Парень глубоко затянулся. «Козью ногу» держал двумя пальцами, большим и указательным, на отлете, будто брезговал. Артист.
– Утром-то утром. Скорей бы Владик.
– Да. Скорей бы. Да паровоз шибчей бежать не заставишь.
Докурили. Друг на друга поглядели.
– Из-под Москвы?
– По мне видать?
– И я из-под Москвы. У тебя как?
Крюков провел ладонью по голой голове. Бескозырка в вещмешке упрятана.
– Из трехсот нас – один я.
– Ясно. У нас четыреста было. Пятеро – осталось. А ты как спасся? Гляжу, и не особо изранен.
Николай пожал плечами. Потом расстегнул гимнастерку медленно; не торопясь, приподнял тельняшку. Парень глядел на живот, на грудь в кривых шрамах и швах. Наспех зашивал военфельдшер. Без обезболивающего. Николаю, чтоб не орал, в зубы – палку всовывали. Грязную деревяшку.
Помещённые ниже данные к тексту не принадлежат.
theorem theorem1:
  fixes M :: "'a measure" and n :: nat and c :: real
    and X W Y0 Y1 Y :: "nat \<Rightarrow> 'a \<Rightarrow> real"
    and mu0 mu1 p C :: "real \<Rightarrow> real"
  assumes P: "prob_space M"
    and indep: "prob_space.indep_vars M (\<lambda>_. borel) (\<lambda>i \<omega>. (X i \<omega>, W i \<omega>, Y i \<omega>)) {..<n}"
    and meas: "\<And>i. i < n \<Longrightarrow> X i \<in> borel_measurable M \<and> W i \<in> borel_measurable M
                  \<and> Y0 i \<in> borel_measurable M \<and> Y1 i \<in> borel_measurable M"
    and binW: "\<And>i \<omega>. i < n \<Longrightarrow> \<omega> \<in> space M \<Longrightarrow> W i \<omega> = 0 \<or> W i \<omega> = 1"
    and obsY: "\<And>i \<omega>. i < n \<Longrightarrow> \<omega> \<in> space M \<Longrightarrow> Y i \<omega> = (if W i \<omega> = 1 then Y1 i \<omega> else Y0 i \<omega>)"
    and L2: "\<And>i. i < n \<Longrightarrow> integrable M (\<lambda>\<omega>. (X i \<omega>)\<^sup>2) \<and> integrable M (\<lambda>\<omega>. (Y0 i \<omega>)\<^sup>2)
                  \<and> integrable M (\<lambda>\<omega>. (Y1 i \<omega>)\<^sup>2)"
    and mu0_def: "\<And>i. i < n \<Longrightarrow> cond_mean_fun M (X i) (Y0 i) mu0"
    and mu1_def: "\<And>i. i < n \<Longrightarrow> cond_mean_fun M (X i) (Y1 i) mu1"
    and p_def: "\<And>i. i < n \<Longrightarrow> cond_mean_fun M (X i) (W i) p"
    and C_def: "\<And>i. i < n \<Longrightarrow> cond_mean_fun M (X i)
                  (\<lambda>\<omega>. ((Y1 i \<omega> - mu1 (X i \<omega>)) - (Y0 i \<omega> - mu0 (X i \<omega>))) * (W i \<omega> - p (X i \<omega>))) C"
    and A1: "\<And>x. isCont mu0 x" "\<And>x. isCont mu1 x"
    and A2: "\<And>x. x \<noteq> c \<Longrightarrow> isCont p x" "\<exists>pl. (p \<longlongrightarrow> pl) (at_left c) \<and> pl \<noteq> p c"
            "(p \<longlongrightarrow> p c) (at_right c)"
    and A3: "\<And>x. x \<noteq> c \<Longrightarrow> isCont C x" "\<exists>Cl. (C \<longlongrightarrow> Cl) (at_left c)"
            "(C \<longlongrightarrow> C c) (at_right c)"
  shows "(\<exists>beta f. rdd_repr M X Y n c (mu1 c - mu0 c) p beta f)
       \<and> ((\<forall>i<n. \<forall>\<omega>\<in>space M. W i \<omega> = (if X i \<omega> \<ge> c then 1 else 0)) \<longrightarrow>
            (\<exists>f. rdd_repr M X Y n c (mu1 c - mu0 c) (\<lambda>x. if x \<ge> c then 1 else 0) 0 f))"
proof -
  interpret prob_space M by (rule P)
  have X: "square_integrable M (X i)" and Y0: "square_integrable M (Y0 i)"
    and Y1: "square_integrable M (Y1 i)" and W: "W i \<in> borel_measurable M" if "i < n" for i
    using meas[OF that] L2[OF that] by (simp_all add: square_integrable_def)
  have Y: "square_integrable M (Y i)" if "i < n" for i
    using W[OF that] by (intro square_integrable_If[OF Y0 Y1 _ obsY, OF that that _ that]) measurable
  obtain pl where pl: "(p \<longlongrightarrow> pl) (at_left c)"
    using A2(2) by blast
  obtain Cl where Cl: "(C \<longlongrightarrow> Cl) (at_left c)"
    using A3(2) by blast
  have "\<exists>f. rdd_repr M X Y n c (mu1 c - mu0 c) p (C c - Cl) f"
    using cond_mean_fun_observed_outcome[OF square_integrable_measurable[OF X] W binW obsY Y0 Y1
        mu0_def mu1_def p_def C_def]
    by (intro ex_rdd_repr_of_cond_mean_fun[OF X Y _ _ A1 A2(1) pl A2(3) A3(1) Cl A3(3)]) simp_all
  moreover have "\<exists>f. rdd_repr M X Y n c (mu1 c - mu0 c) (\<lambda>x. if x \<ge> c then 1 else 0) 0 f"
    if sharp: "\<forall>i<n. \<forall>\<omega>\<in>space M. W i \<omega> = (if X i \<omega> \<ge> c then 1 else 0)"
  proof -
    have "cond_mean_fun M (X i) (Y i) (\<lambda>x. mu0 x + (if x \<ge> c then 1 else 0) * (mu1 x - mu0 x))"
      if "i < n" for i
      using sharp obsY[OF that] that
      by (intro cond_mean_fun_observed_outcome_sharp[OF square_integrable_measurable[OF X] _ Y0 Y1
            mu0_def mu1_def]) auto
    from ex_rdd_repr_of_cond_mean_fun[where C = "\<lambda>_. 0" and Cl = 0, OF X Y this _ A1
        isCont_cutoff_indicator tendsto_cutoff_indicator(1)]
    show ?thesis
      using tendsto_cutoff_indicator(2) by simp
  qed
  ultimately show ?thesis
    by blast
qed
Раны его спасли. Лазарет, тыл. А там приказ пришел: возвращать на флот выживших моряков.
Парень тоже вверх выгоревшую гимнастерку потянул.
Так стояли друг перед другом – с голыми изрезанными животами. Смеялись.
Потом аккуратно, деловито гимнастерки под ремни заправили.
– Ты куда во Владике?
– На «Твердый». А ты?
– На «Точный».
– Точный ты, я погляжу.
Хохотали.
Вместе курили.
Вместе на рыжий весенний огонь дальневосточных жарков – в окно тамбура – глядели.
На встающее из-за распадков бешеное солнце. Лучи раскидывало, длинные желтые руки. Било золотыми пальцами в доски эшелона, в грязные стекла: эй, состав, не мчись так пьяно, постой, остановись! Не вези морячков на войну! Пусть на мир поглядят, в мире поживут. Хоть немного. На красивых сибирячек на полустанках полюбуются. Эх, какие платки у них с кистями! В туесах – клюкву мороженую продают! И кедровые орехи: грызи хоть всю жизнь, веселись-плюйся – а один туес не сгрызешь!